• **What to work on**
Scan the records for the string "costs"; copy each line where it occurs.

(Dataset records begins)

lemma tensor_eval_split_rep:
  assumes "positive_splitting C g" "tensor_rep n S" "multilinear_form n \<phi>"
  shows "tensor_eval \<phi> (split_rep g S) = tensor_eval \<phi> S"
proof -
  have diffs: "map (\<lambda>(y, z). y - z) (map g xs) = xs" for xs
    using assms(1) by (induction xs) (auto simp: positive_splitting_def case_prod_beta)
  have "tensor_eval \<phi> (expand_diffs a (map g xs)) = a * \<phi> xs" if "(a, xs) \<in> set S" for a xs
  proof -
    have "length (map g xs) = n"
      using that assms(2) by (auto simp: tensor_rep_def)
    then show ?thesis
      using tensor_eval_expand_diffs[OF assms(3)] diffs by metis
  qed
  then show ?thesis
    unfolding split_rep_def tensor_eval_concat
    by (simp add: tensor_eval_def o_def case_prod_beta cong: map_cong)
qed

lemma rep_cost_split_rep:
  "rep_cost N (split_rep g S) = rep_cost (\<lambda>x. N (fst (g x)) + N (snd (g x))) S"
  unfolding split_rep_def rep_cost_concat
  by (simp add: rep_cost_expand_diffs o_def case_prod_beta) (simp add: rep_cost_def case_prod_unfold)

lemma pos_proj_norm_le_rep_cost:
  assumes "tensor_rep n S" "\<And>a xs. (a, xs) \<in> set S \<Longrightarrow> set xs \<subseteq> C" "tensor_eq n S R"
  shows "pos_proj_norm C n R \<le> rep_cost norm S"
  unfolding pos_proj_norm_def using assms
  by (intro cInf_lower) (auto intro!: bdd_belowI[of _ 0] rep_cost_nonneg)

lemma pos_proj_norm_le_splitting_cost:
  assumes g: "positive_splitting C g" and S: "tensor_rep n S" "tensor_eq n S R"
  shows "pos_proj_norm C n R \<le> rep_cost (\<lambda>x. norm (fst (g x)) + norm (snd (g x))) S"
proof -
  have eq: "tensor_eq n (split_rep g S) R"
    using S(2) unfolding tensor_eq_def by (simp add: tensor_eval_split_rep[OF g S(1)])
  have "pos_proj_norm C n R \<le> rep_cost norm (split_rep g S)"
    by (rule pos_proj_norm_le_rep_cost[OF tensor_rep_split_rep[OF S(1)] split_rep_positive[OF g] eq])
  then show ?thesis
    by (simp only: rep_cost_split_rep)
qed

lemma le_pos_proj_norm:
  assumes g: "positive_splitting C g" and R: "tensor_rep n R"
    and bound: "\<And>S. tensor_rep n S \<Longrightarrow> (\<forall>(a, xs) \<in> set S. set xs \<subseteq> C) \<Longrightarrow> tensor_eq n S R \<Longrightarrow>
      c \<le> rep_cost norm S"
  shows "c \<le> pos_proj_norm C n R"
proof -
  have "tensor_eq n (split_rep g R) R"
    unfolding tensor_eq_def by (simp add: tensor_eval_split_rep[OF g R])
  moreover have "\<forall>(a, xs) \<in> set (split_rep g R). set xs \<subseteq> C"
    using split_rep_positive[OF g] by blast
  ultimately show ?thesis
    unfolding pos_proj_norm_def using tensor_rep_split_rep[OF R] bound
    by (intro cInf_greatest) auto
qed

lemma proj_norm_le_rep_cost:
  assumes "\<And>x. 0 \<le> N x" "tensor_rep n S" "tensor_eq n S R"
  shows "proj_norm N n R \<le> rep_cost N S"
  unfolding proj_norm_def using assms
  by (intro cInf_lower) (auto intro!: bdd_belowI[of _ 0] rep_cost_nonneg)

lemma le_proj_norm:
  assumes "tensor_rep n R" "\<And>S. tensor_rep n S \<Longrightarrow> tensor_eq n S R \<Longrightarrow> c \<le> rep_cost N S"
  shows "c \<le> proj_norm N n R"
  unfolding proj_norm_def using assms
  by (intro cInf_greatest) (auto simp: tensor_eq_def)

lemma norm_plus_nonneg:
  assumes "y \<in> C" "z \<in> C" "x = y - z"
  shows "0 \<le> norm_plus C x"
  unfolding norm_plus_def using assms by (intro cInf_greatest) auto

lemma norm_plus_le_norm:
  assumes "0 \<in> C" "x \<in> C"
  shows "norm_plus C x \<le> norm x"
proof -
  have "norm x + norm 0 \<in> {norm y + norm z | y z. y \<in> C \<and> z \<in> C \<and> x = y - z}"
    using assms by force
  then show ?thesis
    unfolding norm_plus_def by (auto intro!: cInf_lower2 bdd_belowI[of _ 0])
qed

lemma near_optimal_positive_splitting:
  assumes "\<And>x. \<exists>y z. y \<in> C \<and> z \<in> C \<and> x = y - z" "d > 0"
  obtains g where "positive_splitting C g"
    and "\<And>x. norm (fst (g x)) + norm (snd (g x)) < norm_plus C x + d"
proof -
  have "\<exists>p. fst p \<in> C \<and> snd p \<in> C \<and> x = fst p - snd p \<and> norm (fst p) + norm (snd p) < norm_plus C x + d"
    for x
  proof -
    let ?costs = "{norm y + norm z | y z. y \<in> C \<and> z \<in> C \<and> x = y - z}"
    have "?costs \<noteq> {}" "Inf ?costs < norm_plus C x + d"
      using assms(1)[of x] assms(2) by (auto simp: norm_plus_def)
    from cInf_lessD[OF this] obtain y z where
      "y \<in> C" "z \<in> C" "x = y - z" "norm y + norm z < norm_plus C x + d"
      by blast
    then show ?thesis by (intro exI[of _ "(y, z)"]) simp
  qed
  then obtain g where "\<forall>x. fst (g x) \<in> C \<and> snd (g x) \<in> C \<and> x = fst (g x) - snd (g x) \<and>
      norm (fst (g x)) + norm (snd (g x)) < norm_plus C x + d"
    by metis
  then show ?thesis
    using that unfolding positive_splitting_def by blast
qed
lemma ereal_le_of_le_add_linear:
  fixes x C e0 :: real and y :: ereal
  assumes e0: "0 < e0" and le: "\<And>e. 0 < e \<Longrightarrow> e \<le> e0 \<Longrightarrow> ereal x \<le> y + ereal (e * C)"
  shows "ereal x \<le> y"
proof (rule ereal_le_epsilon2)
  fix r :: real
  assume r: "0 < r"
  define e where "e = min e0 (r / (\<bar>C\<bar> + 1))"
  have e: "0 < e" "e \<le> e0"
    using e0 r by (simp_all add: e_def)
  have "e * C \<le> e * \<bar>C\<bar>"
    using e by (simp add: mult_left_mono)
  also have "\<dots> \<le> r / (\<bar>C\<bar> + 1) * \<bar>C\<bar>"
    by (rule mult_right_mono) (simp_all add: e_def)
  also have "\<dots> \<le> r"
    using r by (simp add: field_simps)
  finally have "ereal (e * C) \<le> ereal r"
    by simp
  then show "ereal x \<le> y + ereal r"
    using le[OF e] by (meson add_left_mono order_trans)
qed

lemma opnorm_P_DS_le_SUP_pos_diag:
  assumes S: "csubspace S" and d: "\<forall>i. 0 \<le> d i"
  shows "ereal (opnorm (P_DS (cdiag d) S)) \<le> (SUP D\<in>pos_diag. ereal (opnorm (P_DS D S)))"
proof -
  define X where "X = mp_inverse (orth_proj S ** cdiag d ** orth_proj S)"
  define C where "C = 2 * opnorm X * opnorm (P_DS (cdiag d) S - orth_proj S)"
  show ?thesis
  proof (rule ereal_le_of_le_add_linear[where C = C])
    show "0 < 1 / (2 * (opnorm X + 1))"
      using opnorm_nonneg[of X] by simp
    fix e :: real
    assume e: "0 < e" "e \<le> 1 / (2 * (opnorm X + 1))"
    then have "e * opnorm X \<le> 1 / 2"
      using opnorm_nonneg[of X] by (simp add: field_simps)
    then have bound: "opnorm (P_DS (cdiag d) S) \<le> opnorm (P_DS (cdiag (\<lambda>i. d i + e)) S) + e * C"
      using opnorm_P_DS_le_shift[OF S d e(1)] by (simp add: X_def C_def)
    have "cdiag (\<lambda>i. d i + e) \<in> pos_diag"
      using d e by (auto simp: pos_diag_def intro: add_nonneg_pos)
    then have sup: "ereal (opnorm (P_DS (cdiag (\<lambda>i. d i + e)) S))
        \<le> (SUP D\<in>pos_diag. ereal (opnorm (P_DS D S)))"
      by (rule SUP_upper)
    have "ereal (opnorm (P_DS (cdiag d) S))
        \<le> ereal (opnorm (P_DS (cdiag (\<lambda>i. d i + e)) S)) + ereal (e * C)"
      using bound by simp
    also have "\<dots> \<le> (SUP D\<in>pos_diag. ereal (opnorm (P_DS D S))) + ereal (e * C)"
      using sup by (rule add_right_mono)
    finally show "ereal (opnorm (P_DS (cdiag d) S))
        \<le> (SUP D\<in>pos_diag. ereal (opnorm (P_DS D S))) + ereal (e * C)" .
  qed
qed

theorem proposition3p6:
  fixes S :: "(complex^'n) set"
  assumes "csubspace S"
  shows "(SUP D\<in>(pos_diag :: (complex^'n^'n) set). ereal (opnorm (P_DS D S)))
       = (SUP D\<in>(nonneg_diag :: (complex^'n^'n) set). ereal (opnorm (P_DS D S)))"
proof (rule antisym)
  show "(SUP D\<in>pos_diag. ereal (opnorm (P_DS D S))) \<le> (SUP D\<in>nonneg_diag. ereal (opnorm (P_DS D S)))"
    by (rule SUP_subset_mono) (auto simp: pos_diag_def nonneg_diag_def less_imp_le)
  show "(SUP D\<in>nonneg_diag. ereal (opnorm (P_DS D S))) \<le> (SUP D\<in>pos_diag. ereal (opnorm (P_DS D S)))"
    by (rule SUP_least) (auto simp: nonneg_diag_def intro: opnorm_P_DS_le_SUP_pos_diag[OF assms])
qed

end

(Dataset records ends)
(Dataset records begins)

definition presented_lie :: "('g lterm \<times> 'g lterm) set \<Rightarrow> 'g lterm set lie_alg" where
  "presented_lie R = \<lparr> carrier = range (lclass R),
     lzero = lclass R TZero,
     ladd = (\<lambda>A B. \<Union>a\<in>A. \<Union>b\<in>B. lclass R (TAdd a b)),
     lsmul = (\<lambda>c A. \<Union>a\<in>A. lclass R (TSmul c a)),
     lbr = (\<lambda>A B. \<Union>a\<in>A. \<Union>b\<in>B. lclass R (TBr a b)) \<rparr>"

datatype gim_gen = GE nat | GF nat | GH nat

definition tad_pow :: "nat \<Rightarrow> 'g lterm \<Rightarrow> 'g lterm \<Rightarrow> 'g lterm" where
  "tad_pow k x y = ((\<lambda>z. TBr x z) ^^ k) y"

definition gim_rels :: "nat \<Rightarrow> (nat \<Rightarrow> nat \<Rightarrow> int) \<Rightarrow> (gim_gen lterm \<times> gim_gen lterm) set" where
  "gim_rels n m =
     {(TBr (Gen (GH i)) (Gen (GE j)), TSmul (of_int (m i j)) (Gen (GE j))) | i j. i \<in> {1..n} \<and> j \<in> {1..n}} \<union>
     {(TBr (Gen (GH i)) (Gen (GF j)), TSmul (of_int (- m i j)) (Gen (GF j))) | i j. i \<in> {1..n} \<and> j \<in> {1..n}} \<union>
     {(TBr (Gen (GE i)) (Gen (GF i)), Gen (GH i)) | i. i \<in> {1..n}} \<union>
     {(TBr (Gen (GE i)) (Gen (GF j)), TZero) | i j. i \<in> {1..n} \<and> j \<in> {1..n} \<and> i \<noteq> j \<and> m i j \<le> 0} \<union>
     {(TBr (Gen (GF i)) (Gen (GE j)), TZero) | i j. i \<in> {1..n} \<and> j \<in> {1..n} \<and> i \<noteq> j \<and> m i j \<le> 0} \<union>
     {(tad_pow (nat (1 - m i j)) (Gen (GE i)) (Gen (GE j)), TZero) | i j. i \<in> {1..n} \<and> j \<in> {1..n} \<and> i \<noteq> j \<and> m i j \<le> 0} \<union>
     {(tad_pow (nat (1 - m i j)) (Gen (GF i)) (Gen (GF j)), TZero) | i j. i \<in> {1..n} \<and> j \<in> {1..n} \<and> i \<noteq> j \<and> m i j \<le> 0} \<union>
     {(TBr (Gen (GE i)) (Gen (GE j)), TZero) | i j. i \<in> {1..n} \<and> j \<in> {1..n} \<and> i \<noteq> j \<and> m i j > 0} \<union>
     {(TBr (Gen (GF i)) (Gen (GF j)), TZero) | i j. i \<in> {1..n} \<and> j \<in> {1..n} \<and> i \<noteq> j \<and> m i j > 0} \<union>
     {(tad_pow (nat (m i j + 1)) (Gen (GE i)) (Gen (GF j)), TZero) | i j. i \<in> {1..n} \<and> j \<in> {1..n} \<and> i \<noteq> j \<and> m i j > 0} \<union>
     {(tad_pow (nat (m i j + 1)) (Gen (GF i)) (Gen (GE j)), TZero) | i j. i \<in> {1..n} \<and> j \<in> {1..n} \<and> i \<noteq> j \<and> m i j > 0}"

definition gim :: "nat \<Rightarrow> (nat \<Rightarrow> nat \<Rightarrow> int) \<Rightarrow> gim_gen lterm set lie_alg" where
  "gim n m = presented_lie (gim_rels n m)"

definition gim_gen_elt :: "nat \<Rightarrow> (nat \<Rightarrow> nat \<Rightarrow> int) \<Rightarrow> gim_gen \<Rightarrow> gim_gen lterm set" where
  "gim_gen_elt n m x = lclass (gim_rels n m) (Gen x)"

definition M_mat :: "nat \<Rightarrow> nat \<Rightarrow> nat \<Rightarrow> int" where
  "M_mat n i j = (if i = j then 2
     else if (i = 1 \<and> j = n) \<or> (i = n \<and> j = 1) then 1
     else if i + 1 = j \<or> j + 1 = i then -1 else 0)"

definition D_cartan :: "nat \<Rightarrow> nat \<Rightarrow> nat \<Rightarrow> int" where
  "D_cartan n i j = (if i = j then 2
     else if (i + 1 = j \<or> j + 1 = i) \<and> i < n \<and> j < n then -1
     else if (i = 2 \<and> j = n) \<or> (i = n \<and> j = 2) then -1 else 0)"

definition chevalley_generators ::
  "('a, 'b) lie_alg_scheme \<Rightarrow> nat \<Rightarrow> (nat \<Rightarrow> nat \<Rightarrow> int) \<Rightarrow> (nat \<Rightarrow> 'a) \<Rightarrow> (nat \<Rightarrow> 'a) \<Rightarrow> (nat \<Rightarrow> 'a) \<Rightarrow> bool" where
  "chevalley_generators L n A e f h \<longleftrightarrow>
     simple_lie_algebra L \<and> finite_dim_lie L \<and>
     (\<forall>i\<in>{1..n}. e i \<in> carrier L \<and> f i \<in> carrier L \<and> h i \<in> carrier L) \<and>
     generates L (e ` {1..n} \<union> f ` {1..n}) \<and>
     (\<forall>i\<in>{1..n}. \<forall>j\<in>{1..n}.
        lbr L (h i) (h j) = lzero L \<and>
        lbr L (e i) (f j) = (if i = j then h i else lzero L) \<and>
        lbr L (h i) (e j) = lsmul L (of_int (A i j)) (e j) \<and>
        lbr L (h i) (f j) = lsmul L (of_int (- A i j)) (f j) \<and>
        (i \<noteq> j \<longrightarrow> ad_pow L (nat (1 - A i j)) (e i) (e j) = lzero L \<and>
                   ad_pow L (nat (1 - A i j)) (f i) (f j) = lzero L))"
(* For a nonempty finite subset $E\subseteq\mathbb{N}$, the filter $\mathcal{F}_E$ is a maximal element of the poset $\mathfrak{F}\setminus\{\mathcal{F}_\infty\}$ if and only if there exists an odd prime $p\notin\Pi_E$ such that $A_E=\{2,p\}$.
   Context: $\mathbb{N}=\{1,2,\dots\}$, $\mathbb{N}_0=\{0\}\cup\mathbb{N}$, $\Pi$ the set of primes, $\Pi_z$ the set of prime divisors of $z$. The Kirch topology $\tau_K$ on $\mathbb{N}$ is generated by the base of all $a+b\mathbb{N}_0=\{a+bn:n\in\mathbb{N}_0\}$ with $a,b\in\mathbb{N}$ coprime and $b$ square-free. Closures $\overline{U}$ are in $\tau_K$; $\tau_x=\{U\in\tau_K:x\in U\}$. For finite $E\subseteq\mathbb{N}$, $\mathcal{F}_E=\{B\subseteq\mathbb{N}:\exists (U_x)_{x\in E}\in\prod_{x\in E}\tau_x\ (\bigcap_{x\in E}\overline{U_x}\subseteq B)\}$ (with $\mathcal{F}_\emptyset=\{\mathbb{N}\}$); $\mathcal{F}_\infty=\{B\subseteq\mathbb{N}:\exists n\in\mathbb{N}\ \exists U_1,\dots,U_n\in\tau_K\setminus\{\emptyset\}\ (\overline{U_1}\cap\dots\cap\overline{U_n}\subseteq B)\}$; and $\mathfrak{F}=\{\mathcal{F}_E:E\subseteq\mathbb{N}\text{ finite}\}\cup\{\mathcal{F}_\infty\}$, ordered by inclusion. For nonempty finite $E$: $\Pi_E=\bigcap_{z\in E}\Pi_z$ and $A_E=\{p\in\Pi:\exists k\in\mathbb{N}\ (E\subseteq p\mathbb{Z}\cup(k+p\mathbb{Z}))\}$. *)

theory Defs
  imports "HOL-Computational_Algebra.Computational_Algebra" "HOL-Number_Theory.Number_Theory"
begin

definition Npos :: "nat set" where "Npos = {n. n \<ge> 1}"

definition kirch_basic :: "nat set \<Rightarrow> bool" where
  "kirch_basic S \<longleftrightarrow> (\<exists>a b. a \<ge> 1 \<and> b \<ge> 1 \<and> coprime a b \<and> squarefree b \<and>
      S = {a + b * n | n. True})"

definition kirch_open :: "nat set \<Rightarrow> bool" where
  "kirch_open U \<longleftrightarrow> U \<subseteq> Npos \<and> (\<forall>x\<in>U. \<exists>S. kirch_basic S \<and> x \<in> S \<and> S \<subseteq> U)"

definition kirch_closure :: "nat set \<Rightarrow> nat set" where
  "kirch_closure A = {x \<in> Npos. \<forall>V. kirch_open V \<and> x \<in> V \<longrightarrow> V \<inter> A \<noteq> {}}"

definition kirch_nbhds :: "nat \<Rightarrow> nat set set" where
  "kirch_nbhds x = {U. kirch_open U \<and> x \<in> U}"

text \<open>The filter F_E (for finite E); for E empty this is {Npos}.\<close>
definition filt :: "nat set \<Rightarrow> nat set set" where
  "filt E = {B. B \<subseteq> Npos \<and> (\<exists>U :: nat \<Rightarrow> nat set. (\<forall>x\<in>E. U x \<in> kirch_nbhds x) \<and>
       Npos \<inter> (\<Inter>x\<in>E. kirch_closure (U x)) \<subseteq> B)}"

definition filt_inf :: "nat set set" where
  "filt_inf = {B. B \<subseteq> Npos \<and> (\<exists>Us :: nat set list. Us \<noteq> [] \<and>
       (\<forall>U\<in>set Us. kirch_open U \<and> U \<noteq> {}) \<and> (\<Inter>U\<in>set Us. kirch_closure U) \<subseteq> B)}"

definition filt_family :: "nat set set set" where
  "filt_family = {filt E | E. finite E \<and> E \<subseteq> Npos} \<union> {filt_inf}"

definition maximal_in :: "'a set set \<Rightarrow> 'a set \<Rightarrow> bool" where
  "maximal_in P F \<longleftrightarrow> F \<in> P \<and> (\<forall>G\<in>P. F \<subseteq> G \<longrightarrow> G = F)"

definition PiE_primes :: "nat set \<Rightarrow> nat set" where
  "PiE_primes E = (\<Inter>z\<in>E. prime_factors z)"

(Dataset records ends)

• **Solution for this problem**
    let ?costs = "{norm y + norm z | y z. y \<in> C \<and> z \<in> C \<and> x = y - z}"
    have "?costs \<noteq> {}" "Inf ?costs < norm_plus C x + d"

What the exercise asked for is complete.